Data Shape: (384048, 4)
Columns: Index(['title', 'brand', 'model', 'model_len'], dtype='object')


In [6]:
data.head(5)

Unnamed: 0,title,brand,model,model_len
0,Sunrise 8 inch Ultra Thin With 15 inch Brass A...,Sunrise,8 inch Ultra Thin With 15 inch,7
1,Polytuf Overhead 4 Inches Chrome Plated Shower...,Polytuf,Overhead 4 Inches Chrome Plated,5
2,Kitsch SS Square 600mm Long 24 Shower Arm For ...,Kitsch,SS Square Long 24 Shower Arm For,7
3,Sunrise 6 Inch Ultra Thin With 18inch Showerar...,Sunrise,6 Inch Ultra Thin With 18inch Showerarm,7
4,ZakTag WATER BABY Dancing bubbles 18 inch Groo...,ZakTag,WATER BABY Dancing bubbles 18 inch,6


In [7]:
# check for null or missing values
data.isnull().sum()

title           0
brand           3
model        8241
model_len       0
dtype: int64

In [8]:
# drop rows with null values based on brands
data = data.dropna(axis=0, subset=["brand"], how="any")

In [9]:
# select rows where model name is present in title
# data = data[data.present_in_title == True]

In [10]:
data.shape

(384045, 4)

In [11]:
# keep rows where model name is present in description
# data = data[data.present_in_description == True]

In [12]:
# stats on title length
title_lens = data.title.apply(lambda x: len(x.split()))
print(np.mean(title_lens), np.median(title_lens), max(title_lens))

8.365397284172428 8.0 77


In [13]:
# desc_lens = data.description.apply(lambda x: len(x.split()))
# print(np.mean(desc_lens), np.median(desc_lens), max(desc_lens))

In [14]:
# data["model_len"] = data.model.apply(lambda x: len(x.split()))
# data.head(5)

In [15]:
# select rows with model name length less than or equal to 5
data = data[data.model_len <= 5]
data.shape

(309239, 4)

In [16]:
data.head(5)

Unnamed: 0,title,brand,model,model_len
1,Polytuf Overhead 4 Inches Chrome Plated Shower...,Polytuf,Overhead 4 Inches Chrome Plated,5
5,Bael Wellness BAELTTO30ML,Bael Wellness,BAELTTO30ML,1
6,Shubhpuja Ganesh Laxmi Showpiece 10 cm,Shubhpuja,Ganesh Laxmi,2
7,Vamaa SGPS300MM Linux 26 ARM A9 Dual Core 0 M...,Vamaa,SGPS300MM,1
8,eGlobal PAINTZOOM02 SMSPZGEP76 Airless Sprayer,eGlobal,PAINTZOOM02,1


In [17]:
# create word frequency mapping
word_frequency_mapping = dict()
for i, row in data.iterrows():
    raw_string = row["title"]
    text = re.sub("[^a-zA-Z0-9 ]", "", raw_string)
    tokens = text.split()
    for tok in tokens:
        if tok not in word_frequency_mapping:
            # if not in vocab, add new word
            word_frequency_mapping[tok] = 1
        else:
            # if word present in vocab, update frequency
            word_frequency_mapping[tok] += 1

In [18]:
print("Number of unique words = ", len(word_frequency_mapping))

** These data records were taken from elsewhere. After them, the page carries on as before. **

(* Consider two $K$-tier networks as described in the context, identical (same point processes $\Phi_k$, powers $P_k$, path loss exponent, per-user resources $\mathcal{O}_k$ and target rates $T_k$) except that the first has channel parameters $\{\Delta_k\},\{\Psi_k\}$ and the second $\{\Delta'_k\},\{\Psi'_k\}$. Suppose $\Psi_k\le\Psi'_k$ for all $k\in\mathcal{K}$. (a) Open access: if in addition $\Delta_k\ge\Delta'_k$ for all $k\in\mathcal{K}$, then the open access rate coverage of the first network is greater than or equal to that of the second. (b) Closed access with accessible tiers $\mathcal{B}\subset\mathcal{K}$: if in addition $\Delta_k\ge\Delta'_k$ for all $k\in\mathcal{B}$, then the closed access rate coverage of the first network is greater than or equal to that of the second.
   Context: Downlink $K$-tier cellular network with tiers indexed by $\mathcal{K}=\{1,\dots,K\}$. Tier-$k$ base stations (BSs) are located at the points of a stationary point process $\Phi_k\subset\mathbb{R}^2$ (not necessarily independent across tiers) and transmit with per-user power $P_k>0$; each tier has positive integer channel parameters $\Delta_k,\Psi_k$. $\alpha$ is the path loss exponent; a typical user is at the origin. Each BS at $x\in\Phi_k$ carries channel-power marks $h_{kx}\sim\Gamma(\Delta_k,1)$ (desired link) and $g_{kx}\sim\Gamma(\Psi_k,1)$ (interfering link), all mutually independent and independent of the point processes. $\mathrm{SIR}(x_k)=\dfrac{P_kh_{kx_k}\|x_k\|^{-\alpha}}{\sum_{j\in\mathcal{K}}\sum_{y\in\Phi_j\setminus\{x_k\}}P_jg_{jy}\|y\|^{-\alpha}}$ for $x_k\in\Phi_k$. Each user served by a tier-$k$ BS receives a fixed amount $\mathcal{O}_k>0$ of time-frequency resources, so its rate is $\mathcal{O}_k\log_2(1+\mathrm{SIR}(x_k))$; $T_k>0$ is the tier-$k$ target rate. The open access rate coverage is $\mathbb{P}\big(\bigcup_{k\in\mathcal{K}}\{\max_{x_k\in\Phi_k}\mathcal{O}_k\log_2(1+\mathrm{SIR}(x_k))>T_k\}\big)$; the closed access rate coverage with accessible tier set $\mathcal{B}\subset\mathcal{K}$ is the same with the union over $k\in\mathcal{B}$. $\Gamma(a,1)$ is the Gamma distribution with shape $a$, scale $1$. *)

theory Defs
  imports "HOL-Probability.Probability"
begin

(* A realization of the K-tier point process: for every tier k a number of
   points N k (possibly infinite) and an enumeration X k n (n < N k) of the
   tier-k base station locations in R^2. *)
type_synonym config = "(nat \<Rightarrow> enat) \<times> (nat \<Rightarrow> nat \<Rightarrow> real^2)"

definition config_space :: "config measure" where
  "config_space = PiM UNIV (\<lambda>k. count_space UNIV) \<Otimes>\<^sub>M PiM UNIV (\<lambda>k. PiM UNIV (\<lambda>n. borel))"

definition pp_count :: "config \<Rightarrow> nat \<Rightarrow> (real^2) set \<Rightarrow> enat" where
  "pp_count c k B = (let S = {n. enat n < fst c k \<and> snd c k n \<in> B} in
                     if finite S then enat (card S) else \<infinity>)"

definition point_process :: "nat \<Rightarrow> config measure \<Rightarrow> bool" where
  "point_process K Q \<longleftrightarrow> prob_space Q \<and> sets Q = sets config_space \<and>
     (AE c in Q. \<forall>k\<in>{1..K}. inj_on (snd c k) {n. enat n < fst c k} \<and>
        (\<forall>B. bounded B \<longrightarrow> finite {n. enat n < fst c k \<and> snd c k n \<in> B}))"

definition stationary_pp :: "nat \<Rightarrow> config measure \<Rightarrow> bool" where
  "stationary_pp K Q \<longleftrightarrow>
     (\<forall>(a::real^2) (m::nat) (ks::nat \<Rightarrow> nat) (Bs::nat \<Rightarrow> (real^2) set) (cs::nat \<Rightarrow> enat).
        (\<forall>i<m. ks i \<in> {1..K} \<and> Bs i \<in> sets borel \<and> bounded (Bs i)) \<longrightarrow>
        emeasure Q {c \<in> space Q. \<forall>i<m. pp_count c (ks i) ((\<lambda>x. x + a) ` Bs i) = cs i}
        = emeasure Q {c \<in> space Q. \<forall>i<m. pp_count c (ks i) (Bs i) = cs i})"

(* Gamma(a,1) distribution for positive integer shape a (= Erlang with shape a, rate 1) *)
definition gamma_measure :: "nat \<Rightarrow> real measure" where
  "gamma_measure a = density lborel (\<lambda>x. ennreal (erlang_density (a - 1) 1 x))"

(* i.i.d.-per-tier marks: the mark of the n-th point of tier k is coordinate (k,n) *)
definition marks_law :: "(nat \<Rightarrow> nat) \<Rightarrow> (nat \<times> nat \<Rightarrow> real) measure" where
  "marks_law a = PiM UNIV (\<lambda>(k, n). gamma_measure (a k))"

(* joint law: point process, desired-link marks h, interfering-link marks g, all independent *)
definition network_measure ::
  "config measure \<Rightarrow> (nat \<Rightarrow> nat) \<Rightarrow> (nat \<Rightarrow> nat) \<Rightarrow> (config \<times> (nat \<times> nat \<Rightarrow> real) \<times> (nat \<times> nat \<Rightarrow> real)) measure" where
  "network_measure Q Delta Psi = Q \<Otimes>\<^sub>M (marks_law Delta \<Otimes>\<^sub>M marks_law Psi)"

(* SIR of the n-th tier-k BS; interference is summed over all other BSs of tiers 1..K
   (an ennreal, possibly infinite); ennreal division: s/0 = \<infinity> for s > 0, s/\<infinity> = 0 *)
definition SIR :: "nat \<Rightarrow> real \<Rightarrow> (nat \<Rightarrow> real) \<Rightarrow> config \<Rightarrow> (nat \<times> nat \<Rightarrow> real)
                   \<Rightarrow> (nat \<times> nat \<Rightarrow> real) \<Rightarrow> nat \<Rightarrow> nat \<Rightarrow> ennreal" where
  "SIR K \<alpha> P c h g k n =
     ennreal (P k * h (k, n) * norm (snd c k n) powr (- \<alpha>)) /
     (\<Sum>j\<in>{1..K}. \<Sum>m. ennreal (if enat m < fst c j \<and> (j, m) \<noteq> (k, n)
                                   then P j * g (j, m) * norm (snd c j m) powr (- \<alpha>) else 0))"

definition rate_exceeds :: "real \<Rightarrow> real \<Rightarrow> ennreal \<Rightarrow> bool" where
  "rate_exceeds Ores T s \<longleftrightarrow> s = \<top> \<or> Ores * log 2 (1 + enn2real s) > T"

definition rate_coverage :: "nat \<Rightarrow> real \<Rightarrow> (nat \<Rightarrow> real) \<Rightarrow> (nat \<Rightarrow> real) \<Rightarrow> (nat \<Rightarrow> real)
       \<Rightarrow> nat set \<Rightarrow> config measure \<Rightarrow> (nat \<Rightarrow> nat) \<Rightarrow> (nat \<Rightarrow> nat) \<Rightarrow> real" where
  "rate_coverage K \<alpha> P Ores T A Q Delta Psi =
     measure (network_measure Q Delta Psi)
       {\<omega> \<in> space (network_measure Q Delta Psi).
          \<exists>k\<in>A. \<exists>n. enat n < fst (fst \<omega>) k \<and>
             rate_exceeds (Ores k) (T k) (SIR K \<alpha> P (fst \<omega>) (fst (snd \<omega>)) (snd (snd \<omega>)) k n)}"

definition open_rate_coverage where
  "open_rate_coverage K \<alpha> P Ores T Q Delta Psi = rate_coverage K \<alpha> P Ores T {1..K} Q Delta Psi"

definition closed_rate_coverage where
  "closed_rate_coverage K \<alpha> P Ores T B Q Delta Psi = rate_coverage K \<alpha> P Ores T B Q Delta Psi"

end

theory Submission
  imports Defs
begin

Number of unique words =  151709


In [19]:
# reverse the dict based on the values
sorted_word_frequency_mapping = sorted(word_frequency_mapping.items(), key=lambda x: x[1], reverse=True)
len(sorted_word_frequency_mapping)

151709

In [20]:
# create a vocabulary for the embedding
# add word for unknown words and for padding
word2idx = {"<PAD>":0, "<UNK>": 1}
for i in range(len(sorted_word_frequency_mapping)):
    word2idx[sorted_word_frequency_mapping[i][0]] = i+2
# check for the lenght of the vocab
len(word2idx)

151711

In [21]:
# get a mapping from index to word
idx2word = {val:key for key, val in word2idx.items()}
len(idx2word)

151711

In [22]:
chars = """abcdefghijklmnopqrstuvwxyzABCDEFGHIJKLMNOPQRSTUVWXYZ0123456789-,_!."""
chars = [a for a in chars]
len(chars)

67

In [23]:
char2idx = {"<UNK>": 1, "<PAD>": 0}
for i in range(len(chars)):
    char2idx[chars[i]] = i+2
# len(char2idx)

In [24]:
# get a mapping from index to word
idx2char = {val:key for key, val in char2idx.items()}
len(idx2char)

69

In [25]:
data.head(3)

Unnamed: 0,title,brand,model,model_len
1,Polytuf Overhead 4 Inches Chrome Plated Shower...,Polytuf,Overhead 4 Inches Chrome Plated,5
5,Bael Wellness BAELTTO30ML,Bael Wellness,BAELTTO30ML,1
6,Shubhpuja Ganesh Laxmi Showpiece 10 cm,Shubhpuja,Ganesh Laxmi,2


In [26]:
# create character based codes for each title name
x_char = list()
max_len = 16
max_char_len = 8
for i, row in data.iterrows():
    text = row["title"]
    text = re.sub("[^a-zA-Z0-9,-;.!?:’’’/\|_@#$%ˆ&*˜‘+-=' ]", "", text)
    tokens = text.split()
    total_token = list()
    for k in range(max_len):
        word_seq = list()
        for j in range(max_char_len):
            try:
                word_seq.append(char2idx[tokens[k][j]])
            except:
                word_seq.append(char2idx["<PAD>"])
        total_token.append(word_seq)
    x_char.append(total_token)

In [27]:
# create word based codes for each title name
x_word = list()
for i, row in data.iterrows():
    text = row["title"]
    text = re.sub("[^a-zA-Z0-9,-;.!?:’’’/\|_@#$%ˆ&*˜‘+-=' ]", "", text)
    tokens = text.split()
    total_tokens=  list()
    for tok in tokens:
        if tok in word2idx.keys():
            total_tokens.append(word2idx[tok])
        else:
            total_tokens.append(word2idx["<UNK>"])
    x_word.append(total_tokens)

In [28]:
tag2idx = {
    "O": 0, # others
    "B-M": 1, # begin of model_name
    "I-M": 2 # intermediate model_name
}

In [29]:
y = list()
for i, row in data.iterrows():
    model_name, title = row["model"], row["title"]
    model_name = re.sub("[^a-zA-Z0-9,-;.!?:’’’/\|_@#$%ˆ&*˜‘+-=' ]", "", str(model_name))
    model_name_tokens = model_name.split()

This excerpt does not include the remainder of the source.